Leading Market Technologies, Inc. (LMT) hired Silverpop Systems, Inc. to distribute advertisements through LMT’s confidential email address. However, hackers managed to access the section of Silverpop’s network where the email list was stored. The list may have been stolen, but LMT was unable to confirm that. Upon learning of this breach, LMT sued Silverpop for a breach of the confidentiality provisions that Silverpop had contractually agreed to in working for LMT. Silverpop filed a motion to dismiss, arguing that the damages LMT had suffered were consequential, and were therefore barred by the consequential damages waiver that was written into their agreement.
The district court sided with Silverpop, finding that the consequential damages waiver did, in fact, bar any damages award that could come from a breach of Silverpop’s data. The court found that the purpose of the contract was to establish an agreement with regard to email marketing, and that confidentiality obligations were secondary to that purpose. Therefore, LMT would be entitled to direct damages, which would consist of the lost monies that were paid for the promised advertising services, and any other damages would be consequential. This would include the lost value of the once confidential email list.
Specifically, the Court reasoned:
“[T]he loss suffered by LMT is of a type resulting from the breach of a specific term of the agreement. In the absence of a breach of the confidentiality provision, LMT would not have incurred the loss to the sale value of the LMT List. Thus, considering the purpose of the parties’ agreement, the damages LMT seeks are not the type that ‘arise naturally and from the usual course of things.’ LMT’s damages are consequential rather than direct.”
The court dismissed LMT’s breach of contract claim because LMT had agreed to include the waiver of all consequential damages in the contract it had entered into with Silverpop. The court dismissed the case despite the fact that claims for a breach of confidentiality were excused from the contract’s separate maximum of total damages that could be incurred and paid out.
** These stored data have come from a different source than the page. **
lemma weak_limit_of_convergent_mgfs:
  fixes \<mu> :: "nat \<Rightarrow> real measure"
  assumes \<mu>: "\<And>n. real_distribution (\<mu> n)"
    and G: "\<And>n s. (\<integral>\<^sup>+x. ennreal (exp (s * x)) \<partial>\<mu> n) = ennreal (G n s)" and Gnn: "\<And>n s. 0 \<le> G n s"
    and V: "open V" "0 \<in> V" and lim: "\<And>s. s \<in> V \<Longrightarrow> (\<lambda>n. G n s) \<longlonglongrightarrow> \<Psi> s"
  shows "\<exists>M. real_distribution M \<and> (\<forall>s\<in>V. (\<integral>\<^sup>+x. ennreal (exp (s * x)) \<partial>M) = ennreal (\<Psi> s))"
proof -
  obtain r where r: "r > 0" "cball 0 r \<subseteq> V" using V open_contains_cball by blast
  then have "r \<in> V" "- r \<in> V" by auto
  obtain A B where A: "\<And>n. norm (G n r) \<le> A" and B: "\<And>n. norm (G n (- r)) \<le> B"
    using convergent_imp_Bseq[OF convergentI[OF lim[OF \<open>r \<in> V\<close>]]]
      convergent_imp_Bseq[OF convergentI[OF lim[OF \<open>- r \<in> V\<close>]]] unfolding Bseq_def by metis
  have "tight \<mu>"
  proof (rule tight_if_exp_moments_bounded[OF \<mu> r(1)])
    show "(\<integral>\<^sup>+x. ennreal (exp (r * x)) \<partial>\<mu> n) \<le> ennreal A" for n
      unfolding G using A[of n] by (intro ennreal_leI) simp
    show "(\<integral>\<^sup>+x. ennreal (exp ((- r) * x)) \<partial>\<mu> n) \<le> ennreal B" for n
      unfolding G using B[of n] by (intro ennreal_leI) simp
    show "0 \<le> A" "0 \<le> B" using A[of 0] B[of 0] by (simp_all add: order.trans[OF norm_ge_zero])
  qed
  then obtain \<sigma> M where \<sigma>: "strict_mono \<sigma>" and M: "real_distribution M" and "weak_conv_m (\<mu> \<circ> id \<circ> \<sigma>) M"
    using tight_imp_convergent_subsubsequence[OF _ strict_mono_id] by blast
  then have wc: "weak_conv_m (\<lambda>k. \<mu> (\<sigma> k)) M" by (simp add: comp_def)
  have lim\<sigma>: "(\<lambda>k. G (\<sigma> k) u) \<longlonglongrightarrow> \<Psi> u" if "u \<in> V" for u
    using LIMSEQ_subseq_LIMSEQ[OF lim[OF that] \<sigma>] by (simp add: comp_def)
  show ?thesis
  proof (intro exI conjI ballI)
    show "real_distribution M" by (rule M)
    fix s assume "s \<in> V"
    obtain \<rho> where \<rho>: "\<rho> > 0" "cball s \<rho> \<subseteq> V" using V \<open>s \<in> V\<close> open_contains_cball by blast
    define \<kappa> where "\<kappa> = \<rho> / (\<bar>s\<bar> + 1)"
    have \<kappa>: "\<kappa> > 0" using \<rho> by (simp add: \<kappa>_def)
    have "\<bar>s\<bar> * \<kappa> \<le> \<rho>" using \<rho> by (simp add: \<kappa>_def field_simps)
    then have "s * (1 + \<kappa>) \<in> V" using \<rho>(2) \<kappa> by (auto simp: dist_real_def algebra_simps abs_mult)
    have le: "(\<integral>\<^sup>+x. ennreal (exp (s * x)) \<partial>M) \<le> ennreal (\<Psi> s)"
      by (rule weak_conv_nn_integral_exp_le[OF \<mu> M wc G lim\<sigma>[OF \<open>s \<in> V\<close>] Gnn])
    define X where "X = enn2real (\<integral>\<^sup>+x. ennreal (exp (s * x)) \<partial>M)"
    have X: "(\<integral>\<^sup>+x. ennreal (exp (s * x)) \<partial>M) = ennreal X"
      unfolding X_def by (intro ennreal_enn2real[symmetric] le_less_trans[OF le ennreal_less_top])
    have "\<Psi> s \<le> X"
      by (rule weak_conv_nn_integral_exp_ge[OF \<mu> M wc G G lim\<sigma>[OF \<open>s \<in> V\<close>] lim\<sigma>[OF \<open>s * (1 + \<kappa>) \<in> V\<close>] Gnn \<kappa> X])
        (simp add: X_def)
    then show "(\<integral>\<^sup>+x. ennreal (exp (s * x)) \<partial>M) = ennreal (\<Psi> s)"
      using le X by (simp add: antisym ennreal_leI)
  qed
qed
The decision that was made in this case was actually a pretty important one to the world of information technology. In most cases, the purpose of a contract like the one made here is solely to provide IT services to the client. The server’s obligation to keep the involved data confidential is secondary to the main purpose of the contract, and to the server’s performance as a whole. Courts relying on the decision made in this case will determine that, if an IT contract contains the typical waiver of consequential damages, a client who suffers a data breach may not be able to seek a remedy for the consequential damages incurred as a result.
LMT appealed to the Eleventh Circuit Court of Appeals, however the Court ultimately affirmed the lower court’s decision so entirely that it did not even provide a further explanation. It simply attached a copy of the lower court’s decision for reference.